We can better understand this failure mode using a simplified simulation. I created one using SimPy, a discrete event simulation framework for Python. (Discrete event simulation just means that instead of simulating every ‘tick’ of simulated time, the simulation jumps between discrete events, which may trigger or schedule other events.)

The simulation models a fixed number of application instances, each with a fixed-size database connection pool, all connecting to a single database instance. Requests are randomly distributed amongst instances, and each request involves executing a single database query. The database query consumes a small amount of database CPU time, and simulates network latency between the application and the database by holding the connection from the pool for some additional time.

Requests have a timeout, and if the timeout fires during the execution of the database query, the connection that was being used for that request is marked as dead, and will be refreshed on the next use. The refresh process incurs a higher database CPU cost.

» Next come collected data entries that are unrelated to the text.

text \<open>The operator norm is submultiplicative, so \<open>\<parallel>A\<^sup>k\<parallel>\<^sub>o\<^sub>p \<le> \<parallel>A\<parallel>\<^sub>o\<^sub>p\<^sup>k\<close>.\<close>
lemma onorm_mat_pow: "onorm ((*v) (mat_pow A k)) \<le> onorm ((*v) A) ^ k"
proof (induction k)
  case 0
  then show ?case by (simp add: onorm_id)
next
  case (Suc k)
  have "(*v) (mat_pow A (Suc k)) = (*v) A \<circ> (*v) (mat_pow A k)"
    by (simp add: fun_eq_iff matrix_vector_mul_assoc)
  then have "onorm ((*v) (mat_pow A (Suc k))) \<le> onorm ((*v) A) * onorm ((*v) (mat_pow A k))"
    by (simp add: onorm_compose matrix_vector_mul_bounded_linear)
  also have "\<dots> \<le> onorm ((*v) A) * onorm ((*v) A) ^ k"
    by (rule mult_left_mono[OF Suc onorm_pos_le[OF matrix_vector_mul_bounded_linear]])
  finally show ?case by simp
qed

lemma norm_matrix_le_onorm:
  fixes M :: "real^'n^'m"
  shows "norm M \<le> real CARD('m) * real CARD('n) * onorm ((*v) M)"
proof -
  have row: "norm (M $ i) \<le> real CARD('n) * onorm ((*v) M)" for i
  proof -
    have "norm (M $ i) \<le> (\<Sum>j\<in>UNIV. \<bar>M $ i $ j\<bar>)" by (rule norm_le_l1_cart)
    also have "\<dots> \<le> (\<Sum>j\<in>(UNIV::'n set). onorm ((*v) M))"
      by (rule sum_mono) (rule matrix_component_le_onorm)
    finally show ?thesis by simp
  qed
  have "norm M \<le> (\<Sum>i\<in>UNIV. norm (M $ i))"
    unfolding norm_vec_def by (rule L2_set_le_sum) simp
  also have "\<dots> \<le> (\<Sum>i\<in>(UNIV::'m set). real CARD('n) * onorm ((*v) M))"
    by (rule sum_mono) (rule row)
  finally show ?thesis by simp
qed
(* Let $A,B$ be $n\times n$ complex matrices. Then \[ \|A+B\|_F\le \sqrt{\frac{1+\sqrt{2}}{2}}\,\big\||A|+|B|\big\|_F . \]
   Context: For an $n\times n$ complex matrix $A$, $|A|:=(A^*A)^{1/2}$ denotes the operator absolute value (positive semidefinite square root), where $A^*$ is the conjugate transpose. $\|A\|_F=(\operatorname{tr}|A|^2)^{1/2}=(\operatorname{tr}A^*A)^{1/2}$ is the Frobenius norm. *)

theory Defs
  imports "HOL-Analysis.Analysis"
begin

definition cadj :: "complex^'n^'n \<Rightarrow> complex^'n^'n" where
  "cadj A = (\<chi> i j. cnj (A $ j $ i))"

definition hermitian_mat :: "complex^'n^'n \<Rightarrow> bool" where
  "hermitian_mat P \<longleftrightarrow> cadj P = P"

definition psd_mat :: "complex^'n^'n \<Rightarrow> bool" where
  "psd_mat P \<longleftrightarrow> hermitian_mat P \<and>
     (\<forall>x :: complex^'n. 0 \<le> Re (\<Sum>i\<in>UNIV. \<Sum>j\<in>UNIV. cnj (x $ i) * P $ i $ j * x $ j))"

definition mabs :: "complex^'n^'n \<Rightarrow> complex^'n^'n" where
  "mabs A = (THE P. psd_mat P \<and> P ** P = cadj A ** A)"

definition frob_norm :: "complex^'n^'n \<Rightarrow> real" where
  "frob_norm A = sqrt (Re (trace (cadj A ** A)))"

end

theory Submission
  imports Defs
begin

text \<open>
  Diagonalise |A| = U diag(d) U* and |B| = V diag(e) V*. The columns x_i of AU and y_j of BV are
  orthogonal with norms d_i and e_j, and with W = V* U one has
    tr (A* B) = sum_ij <x_i, y_j> W_ji   and   tr (|A| |B|) = sum_ij d_i e_j |W_ji|^2.
  By AM-GM, for any c > 0 each term of the first sum is at most
    c d_i e_j |W_ji|^2 + |<x_i, y_j>|^2 (1/d_i^2 + 1/e_j^2) / (8c),
  and Bessel's inequality bounds the sums of the last terms by ||A||^2 + ||B||^2, whence
    Re tr (A* B) <= (||A||^2 + ||B||^2) / (8c) + c tr (|A| |B|).
  Expanding ||A + B||^2 and |||A| + |B|||^2 gives the claim for the c with 1 + 1/(4c) = c,
  namely c = (1 + sqrt 2) / 2.
\<close>

section \<open>Adjoints, the complex inner product and diagonal matrices\<close>

lemma cadj_nth [simp]: "cadj A $ i $ j = cnj (A $ j $ i)"
  by (simp add: cadj_def)

lemma cadj_cadj [simp]: "cadj (cadj A) = A"
  by (simp add: vec_eq_iff)

lemma cadj_add [simp]: "cadj (A + B) = cadj A + cadj B"
  by (simp add: vec_eq_iff)

lemma cadj_diff [simp]: "cadj (A - B) = cadj A - cadj B"
  by (simp add: vec_eq_iff)

lemma cadj_mat [simp]: "cadj (mat 1) = mat 1"
  by (simp add: vec_eq_iff mat_def)

lemma cadj_mult: "cadj (A ** B) = cadj B ** cadj A"
  by (simp add: vec_eq_iff matrix_matrix_mult_def mult.commute)

lemma trace_cadj: "trace (cadj A) = cnj (trace A)"
  by (simp add: trace_def)

lemma matrix_mul_zero_right [simp]: "(A :: 'a::semiring_1^'n^'m) ** 0 = 0"
  by (simp add: matrix_matrix_mult_def vec_eq_iff)

lemma matrix_mul_diff_ldistrib: "(A :: 'a::comm_ring_1^'n^'m) ** (B - C) = A ** B - A ** C"
  by (simp add: matrix_matrix_mult_def vec_eq_iff right_diff_distrib sum_subtractf)

lemma matrix_mul_diff_rdistrib: "((A :: 'a::comm_ring_1^'n^'m) - B) ** C = A ** C - B ** C"
  by (simp add: matrix_matrix_mult_def vec_eq_iff left_diff_distrib sum_subtractf)

lemma matrix_mul_add_rdistrib: "((A :: 'a::comm_semiring_1^'n^'m) + B) ** C = A ** C + B ** C"
  by (simp add: matrix_matrix_mult_def vec_eq_iff distrib_right sum.distrib)

lemma trace_cadj_mult_swap: "trace (cadj B ** A) = cnj (trace (cadj A ** B))"
  by (metis cadj_cadj cadj_mult trace_cadj)
lemma ratio_bounded_on_compact:
  assumes m: "0 < m" "m \<le> M"
  shows "\<exists>C>0. \<exists>\<delta>>0. \<forall>r y. m \<le> r \<and> r \<le> M \<and> 0 < y \<and> y < \<delta> \<longrightarrow> f (r * y) \<le> C * f y"
proof -
  obtain l \<delta> K where l: "l > 1" "\<delta> > 0" "K > 0"
    and bound: "\<And>\<sigma> u. 1 / l \<le> \<sigma> \<Longrightarrow> \<sigma> \<le> l \<Longrightarrow> 0 < u \<Longrightarrow> u < \<delta> \<Longrightarrow> f (\<sigma> * u) \<le> K * f u"
    using ratio_bounded_near_one by blast
  have iterate: "f (\<sigma> ^ n * u) \<le> K ^ n * f u"
    if \<sigma>: "1 / l \<le> \<sigma>" "\<sigma> \<le> l" and u: "0 < u" "u < \<delta> / l ^ n" for n \<sigma> u
    using u
  proof (induction n arbitrary: u)
    case (Suc n)
    have "0 < \<sigma>" using \<sigma> l by (smt (verit) divide_pos_pos)
    have "\<sigma> * u \<le> l * u" using \<sigma> Suc.prems by (intro mult_right_mono) auto
    also have "\<dots> < \<delta> / l ^ n" using Suc.prems l by (simp add: field_simps)
    finally have "f (\<sigma> ^ n * (\<sigma> * u)) \<le> K ^ n * f (\<sigma> * u)"
      using Suc.IH \<open>0 < \<sigma>\<close> Suc.prems by simp
    also have "\<dots> \<le> K ^ n * (K * f u)"
    proof -
      have "\<delta> / l ^ Suc n \<le> \<delta>"
        using l one_le_power[of l "Suc n"] by (simp add: divide_le_eq mult_le_cancel_left1)
      then show ?thesis using bound[OF \<sigma>] Suc.prems l by (intro mult_left_mono) auto
    qed
    finally show ?case by (simp add: ac_simps)
  qed simp
  obtain n where n: "max M (1 / m) < l ^ n" using real_arch_pow[OF l(1)] by blast
  define N where "N = Suc n"
  have "l ^ n \<le> l ^ N" unfolding N_def by (rule power_increasing) (use l in auto)
  then have N: "N > 0" "max M (1 / m) < l ^ N" using n by (auto simp: N_def)
  have "f (r * y) \<le> K ^ N * f y" if r: "m \<le> r" "r \<le> M" and y: "0 < y" "y < \<delta> / l ^ N" for r y
  proof -
    define \<sigma> where "\<sigma> = root N r"
    have "r = \<sigma> ^ N" using N m r by (simp add: \<sigma>_def)
    moreover have "1 / l \<le> \<sigma>"
    proof -
      have "m * l ^ N \<le> r * l ^ N" using r l by (intro mult_right_mono) auto
      moreover have "1 < m * l ^ N" using N m by (simp add: field_simps)
      ultimately have "1 \<le> r * l ^ N" by linarith
      then have "inverse (l ^ N) \<le> r" using l by (simp add: field_simps)
      then have "root N (inverse (l ^ N)) \<le> \<sigma>" unfolding \<sigma>_def by (rule real_root_le_mono[OF N(1)])
      then show ?thesis using N l by (simp add: real_root_inverse real_root_divide real_root_power_cancel inverse_eq_divide)
    qed
    moreover have "\<sigma> \<le> l"
      using real_root_le_mono[OF N(1), of r "l ^ N"] N r l by (simp add: \<sigma>_def real_root_power_cancel)
    ultimately show ?thesis using iterate y by auto
  qed
  moreover have "K ^ N > 0" "\<delta> / l ^ N > 0" using l by auto
  ultimately show ?thesis by blast
qed

lemma Fint_scaled_ge:
  assumes "c > 0" "c powr \<beta> < K"
  shows "\<exists>d>0. \<exists>C. \<forall>v. 0 < v \<and> v \<le> d \<longrightarrow> (c / K) * Fint f v + C \<le> Fint f (c * v)"
proof -
  have "0 < c powr \<beta>" using assms(1) by simp
  then have K: "K > 0" using assms(2) by linarith
  obtain \<delta> where \<delta>: "\<delta> > 0" "\<And>u. 0 < u \<and> u < \<delta> \<Longrightarrow> f (c * u) \<le> K * f u"
    using ratio_upper_bound[OF assms] by blast
  have "(c / K) * Fint f v + (Fint f (c * (\<delta> / 2)) - (c / K) * Fint f (\<delta> / 2)) \<le> Fint f (c * v)"
    if v: "0 < v" "v \<le> \<delta> / 2" for v
    using Fint_scaled_diff_ge[OF assms(1) K v] \<delta> v by (force simp: algebra_simps)
  then show ?thesis using \<delta> by (intro exI[of _ "\<delta> / 2"]) auto
qed
(* Let $K$ be a number field, let $H_1,\dots,H_4\subset\mathbb{P}^3_K$ be planes over $K$ in general position, and suppose $p$ is the $K$-rational point $H_i\cap H_j\cap H_k$ for some distinct $i,j,k\in\{1,2,3,4\}$. Let $L_1,\dots,L_r$ be lines over $K$ all passing through $p$, and let $D=H_1\cup H_2\cup H_3\cup H_4\cup L_1\cup\dots\cup L_r$. Then the integral points on $\mathbb{P}^3_K\setminus D$ are potentially dense. *)

theory Defs
  imports Complex_Main "HOL-Computational_Algebra.Polynomial"
begin

definition subfield_C :: "complex set \<Rightarrow> bool" where
  "subfield_C K \<longleftrightarrow> 0 \<in> K \<and> 1 \<in> K \<and>
     (\<forall>x\<in>K. \<forall>y\<in>K. x + y \<in> K \<and> x - y \<in> K \<and> x * y \<in> K) \<and>
     (\<forall>x\<in>K. x \<noteq> 0 \<longrightarrow> inverse x \<in> K)"

definition number_field :: "complex set \<Rightarrow> bool" where
  "number_field K \<longleftrightarrow> subfield_C K \<and>
     (\<exists>B. finite B \<and> B \<subseteq> K \<and>
        (\<forall>x\<in>K. \<exists>c. (\<forall>b\<in>B. c b \<in> \<rat>) \<and> x = (\<Sum>b\<in>B. c b * b)))"

text \<open>The ring of S-integers O_{L,S}, where S consists of the archimedean places
and the places above the primes dividing N.  Every finite set of places is contained
in such an S, so quantifying over N is the same as quantifying over S.\<close>

definition S_integers :: "complex set \<Rightarrow> nat \<Rightarrow> complex set" where
  "S_integers L N = {x \<in> L. \<exists>k::nat. algebraic_int (of_nat N ^ k * x)}"

definition S_unit :: "complex set \<Rightarrow> nat \<Rightarrow> complex \<Rightarrow> bool" where
  "S_unit L N x \<longleftrightarrow> x \<in> S_integers L N \<and> x \<noteq> 0 \<and> inverse x \<in> S_integers L N"

definition lin :: "(nat \<Rightarrow> complex) \<Rightarrow> (nat \<Rightarrow> complex) \<Rightarrow> complex" where
  "lin h x = (\<Sum>j<4. h j * x j)"

definition coeffs_in :: "complex set \<Rightarrow> (nat \<Rightarrow> complex) \<Rightarrow> bool" where
  "coeffs_in K h \<longleftrightarrow> (\<forall>j<4. h j \<in> K)"

definition general_position4 :: "(nat \<Rightarrow> nat \<Rightarrow> complex) \<Rightarrow> bool" where
  "general_position4 h \<longleftrightarrow>
     (\<forall>c. (\<forall>j<4. (\<Sum>i<4. c i * h i j) = 0) \<longrightarrow> (\<forall>i<4. c i = 0))"

definition lin_indep2 :: "(nat \<Rightarrow> complex) \<Rightarrow> (nat \<Rightarrow> complex) \<Rightarrow> bool" where
  "lin_indep2 u v \<longleftrightarrow> (\<forall>a b. (\<forall>j<4. a * u j + b * v j = 0) \<longrightarrow> a = 0 \<and> b = 0)"

text \<open>(D,S)-integral points of P^3 \ D, where D = H_1 \<union> .. \<union> H_4 \<union> L_1 \<union> .. \<union> L_r,
H_i = {h i = 0}, L_l = {g1 l = 0, g2 l = 0}, with respect to the model over O_{L,S}
given by these equations.  A point is represented by a coordinate vector x over
O_{L,S} that is unimodular (its coordinates generate the unit ideal); it is integral
iff its reduction modulo every prime of O_{L,S} avoids D, i.e. each h i (x) is an
S-unit and, for each line, g1 l (x), g2 l (x) generate the unit ideal.\<close>

definition integral_point ::
  "complex set \<Rightarrow> nat \<Rightarrow> (nat \<Rightarrow> nat \<Rightarrow> complex) \<Rightarrow> nat \<Rightarrow>
   (nat \<Rightarrow> nat \<Rightarrow> complex) \<Rightarrow> (nat \<Rightarrow> nat \<Rightarrow> complex) \<Rightarrow> (nat \<Rightarrow> complex) \<Rightarrow> bool" where
  "integral_point L N h r g1 g2 x \<longleftrightarrow>
     (\<forall>j<4. x j \<in> S_integers L N) \<and>
     (\<exists>a. (\<forall>j<4. a j \<in> S_integers L N) \<and> (\<Sum>j<4. a j * x j) = 1) \<and>
     (\<forall>i<4. S_unit L N (lin (h i) x)) \<and>
     (\<forall>l<r. \<exists>a\<in>S_integers L N. \<exists>b\<in>S_integers L N.
         a * lin (g1 l) x + b * lin (g2 l) x = 1)"

definition monomials :: "nat \<Rightarrow> (nat \<Rightarrow> nat) set" where
  "monomials d = {\<alpha>. (\<forall>j\<ge>4. \<alpha> j = 0) \<and> (\<Sum>j<4. \<alpha> j) = d}"

definition hpoly_eval :: "nat \<Rightarrow> ((nat \<Rightarrow> nat) \<Rightarrow> complex) \<Rightarrow> (nat \<Rightarrow> complex) \<Rightarrow> complex" where
  "hpoly_eval d c x = (\<Sum>\<alpha>\<in>monomials d. c \<alpha> * (\<Prod>j<4. x j ^ \<alpha> j))"

definition zariski_dense_P3 :: "(nat \<Rightarrow> complex) set \<Rightarrow> bool" where
  "zariski_dense_P3 A \<longleftrightarrow>
     (\<forall>d c. (\<forall>x\<in>A. hpoly_eval d c x = 0) \<longrightarrow> (\<forall>\<alpha>\<in>monomials d. c \<alpha> = 0))"

text \<open>Potential density: after a finite extension L of K and enlarging S (all
coefficients of the model becoming S-integral), the integral points are Zariski dense.\<close>

definition potentially_dense ::
  "complex set \<Rightarrow> (nat \<Rightarrow> nat \<Rightarrow> complex) \<Rightarrow> nat \<Rightarrow>
   (nat \<Rightarrow> nat \<Rightarrow> complex) \<Rightarrow> (nat \<Rightarrow> nat \<Rightarrow> complex) \<Rightarrow> bool" where
  "potentially_dense K h r g1 g2 \<longleftrightarrow>
     (\<exists>L N. number_field L \<and> K \<subseteq> L \<and> N \<ge> 1 \<and>
        (\<forall>i<4. coeffs_in (S_integers L N) (h i)) \<and>
        (\<forall>l<r. coeffs_in (S_integers L N) (g1 l) \<and> coeffs_in (S_integers L N) (g2 l)) \<and>
        zariski_dense_P3 {x. integral_point L N h r g1 g2 x})"

end

theory Submission
  imports Defs "Jordan_Normal_Form.Char_Poly"
begin

text \<open>In the coordinates \<open>y = (h\<^sub>0(x), \<dots>, h\<^sub>3(x))\<close> the point \<open>p\<close> is a coordinate point, say of \<open>y\<^sub>n\<^sub>0\<close>,
  so every line through \<open>p\<close> is cut out by two forms in the remaining coordinates \<open>y\<^sub>i, y\<^sub>j, y\<^sub>k\<close>.
  Take \<open>y\<^sub>i = 1\<close> and \<open>y\<^sub>j, y\<^sub>k, y\<^sub>n\<^sub>0\<close> powers of \<open>2\<close>: once \<open>2\<close> is an S-unit, these points avoid the
  planes modulo every prime.  For a line, eliminating between its two forms leaves a linear
  expression in \<open>u = y\<^sub>j\<close> or \<open>v = y\<^sub>k\<close>; choosing \<open>v = v\<^sub>0 2\<^bsup>e t\<^esup>\<close> with \<open>2\<^sup>e \<equiv> 1\<close> modulo the
  relevant factor depending on \<open>u\<close> turns it into a fixed nonzero constant, which becomes an
  S-unit after enlarging \<open>S\<close>.  The admissible \<open>(u, v, w)\<close> form a grid (infinitely many \<open>w\<close> and
  \<open>u\<close>, and for each \<open>u\<close> infinitely many \<open>v\<close>), on which no nonzero form can vanish.\<close>

section \<open>Algebraic integers\<close>

interpretation int_module: Modules.module "\<lambda>(k::int) (x::'a::comm_ring_1). of_int k * x"
  by unfold_locales (simp_all add: algebra_simps)

lemma int_span_mult_closed:
  fixes a :: "'a::comm_ring_1"
  assumes "x \<in> int_module.span S" and "\<And>s. s \<in> S \<Longrightarrow> a * s \<in> int_module.span T"
  shows "a * x \<in> int_module.span T"
  using assms(1)
proof (induction rule: int_module.span_induct_alt)
  case base
  show ?case by (simp add: int_module.span_zero)
next
  case (step c s y)
  have "a * (of_int c * s + y) = of_int c * (a * s) + a * y" by (simp add: algebra_simps)
  then show ?case using step assms(2) by (simp add: int_module.span_add int_module.span_scale)
qed

text \<open>The standard module criterion: \<open>a\<close> is an eigenvalue of the integer matrix of multiplication
  by \<open>a\<close> on the generators of \<open>S\<close>, hence a root of its monic characteristic polynomial.\<close>

lemma algebraic_int_if_int_span_closed:
  fixes a :: "'a::field_char_0"
  assumes fin: "finite S" and one: "1 \<in> S" and closed: "\<And>s. s \<in> S \<Longrightarrow> a * s \<in> int_module.span S"
  shows "algebraic_int a"
proof -
  obtain vs where vs: "distinct vs" "set vs = S" using finite_distinct_list[OF fin] by blast
  define n where "n = length vs"
  have "\<forall>s\<in>S. \<exists>c. a * s = (\<Sum>t\<in>S. of_int (c t) * t)"
    using closed int_module.span_finite[OF fin] by auto
  then obtain C where C: "\<And>s. s \<in> S \<Longrightarrow> a * s = (\<Sum>t\<in>S. of_int (C s t) * t)"
    by metis
  define A :: "int mat" where "A = mat n n (\<lambda>(i,j). C (vs ! i) (vs ! j))"
  define Aa :: "'a mat" where "Aa = map_mat of_int A"
  define v :: "'a vec" where "v = vec n (\<lambda>j. vs ! j)"
  have A: "A \<in> carrier_mat n n" and Aa: "Aa \<in> carrier_mat n n" by (simp_all add: A_def Aa_def)
  have "Aa *\<^sub>v v = a \<cdot>\<^sub>v v"
  proof (rule eq_vecI)
    fix i assume "i < dim_vec (a \<cdot>\<^sub>v v)"
    then have i: "i < n" by (simp add: v_def)
    have "(Aa *\<^sub>v v) $ i = (\<Sum>j<n. of_int (C (vs ! i) (vs ! j)) * vs ! j)"
      using i by (simp add: Aa_def A_def v_def mult_mat_vec_def scalar_prod_def atLeast0LessThan)
    also have "\<dots> = sum_list (map (\<lambda>t. of_int (C (vs ! i) t) * t) vs)"
      by (simp add: sum_list_sum_nth atLeast0LessThan n_def)
    also have "\<dots> = (\<Sum>t\<in>S. of_int (C (vs ! i) t) * t)"
      by (metis vs sum.distinct_set_conv_list)
    also have "\<dots> = a * vs ! i" using C[of "vs ! i"] i vs n_def by auto
    finally show "(Aa *\<^sub>v v) $ i = (a \<cdot>\<^sub>v v) $ i" using i by (simp add: v_def)
  qed (simp add: Aa_def A_def v_def)
  moreover have "v \<noteq> 0\<^sub>v n"
  proof -
    obtain j where "j < n" "vs ! j = 1" using one vs n_def by (metis in_set_conv_nth)
    then have "v $ j \<noteq> 0\<^sub>v n $ j" by (simp add: v_def)
    then show ?thesis by metis
  qed
  ultimately have "eigenvalue Aa a"
    unfolding eigenvalue_def eigenvector_def using Aa by (auto simp: v_def intro!: exI[of _ v])
  moreover have "char_poly Aa = map_poly of_int (char_poly A)"
    unfolding Aa_def by (rule of_int_hom.char_poly_hom[OF A])
  ultimately have "poly (map_poly of_int (char_poly A)) a = 0"
    using eigenvalue_root_char_poly[OF Aa] by simp
  moreover have "lead_coeff (char_poly A) = 1"
    using degree_monic_char_poly[OF A] by simp
  ultimately show ?thesis unfolding algebraic_int_altdef_ipoly by auto
qed
(* Let $p\ge1$, let $A_1,\dots,A_p\ge1$ and $n_1,\dots,n_p\ge0$ be integers, and let $P(X_1,\dots,X_p)\in\mathbb{Q}[X_1,\dots,X_p]$. Let $z_1,\dots,z_p$ be complex numbers with $|z_j|>1$ for all $j=1,\dots,p$. Then the series $$S=\sum_{k_1\ge\cdots\ge k_p\ge1}\frac{P(k_1,\dots,k_p)}{(k_1)_{n_1+1}^{A_1}\cdots(k_p)_{n_p+1}^{A_p}}\,z_1^{-k_1}\cdots z_p^{-k_p}$$ can be written as a finite linear combination of multiple polylogarithms $\mathrm{La}_{s_1,\dots,s_q}(1/\widehat z_1,\dots,1/\widehat z_q)$, where $0\le q\le p$, $s_i\ge1$ for $i=1,\dots,q$, $\sum_{j=1}^qs_j\le\sum_{j=1}^pA_j$, and each $\widehat z_i$ is a product of some of $z_1,\dots,z_p$; the coefficients of this combination are polynomials with rational coefficients in the quantities $(1-z_{j_1}\cdots z_{j_m})^{-1}$ ($m\ge1$, $1\le j_1<\cdots<j_m\le p$) and $z_j^{\pm1}$ ($1\le j\le p$).
   Context: $(\alpha)_m=\alpha(\alpha+1)\cdots(\alpha+m-1)$ is the Pochhammer symbol. For $q\ge1$, integers $s_1,\dots,s_q$ and complex $w_1,\dots,w_q$ with $|w_i|<1$, $\mathrm{La}_{s_1,\dots,s_q}(w_1,\dots,w_q)=\sum_{k_1\ge k_2\ge\cdots\ge k_q\ge1}\frac{w_1^{k_1}\cdots w_q^{k_q}}{k_1^{s_1}\cdots k_q^{s_q}}$. The polylogarithm of depth $q=0$ is the constant $1$. *)

theory Defs
  imports "HOL-Analysis.Analysis"
begin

In order to simulate a trigger, the model holds all database CPU resources for a few seconds after an initial delay. A well-behaved system is expected to experience application timeouts during this period, since no other database queries get CPU time to execute. At lower throughput values, this is indeed what happens: the application sees a brief period of timeouts that is similar in duration to the triggering event itself. However, at higher throughputs, the application never recovers from its error state, as repeated timeouts lead to reconnection attempts, which in turn consume database CPU resources, and cause further timeouts.

The addition of a circuit breaker to the system allows for recovery from this state. In the charts below, you can see the results of simulating 70 seconds worth of time both without (left column) and with (right column) a circuit breaker.

The y-axis in each chart shows the database CPU utilization, and the x-axis shows time. The pink shading indicates the time during which the database CPU is artificially pinned at 100% usage by the simulation in order to induce the failure mode.

A figure showing two columns of graphs. All graphs have time on the x-axis, and database CPU utilization on the y-axis. The left-hand column shows results from the simulation without a circuit breaker, and the right-hand column shows results from the simulation with a circuit breaker. The highest-throughput simulation without the circuit breaker never recovers after being perturbed, but the simulations with the circuit breaker recover in all cases.

You might have a metastable system!

If your system seems to ‘enter a bad state’ under load from which it can’t recover without operator intervention, you too might have a metastable system. They’re not as rare as you might think! Check out the section 3 (‘Approaches to Handling Metastability’) of the paper I linked to previously to get some ideas as to how you might break the feedback loop in your system.


Many thanks to my friend Bill Dirks, who was a sounding board and consistent source of ideas and encouragement during the process of tracking this issue down!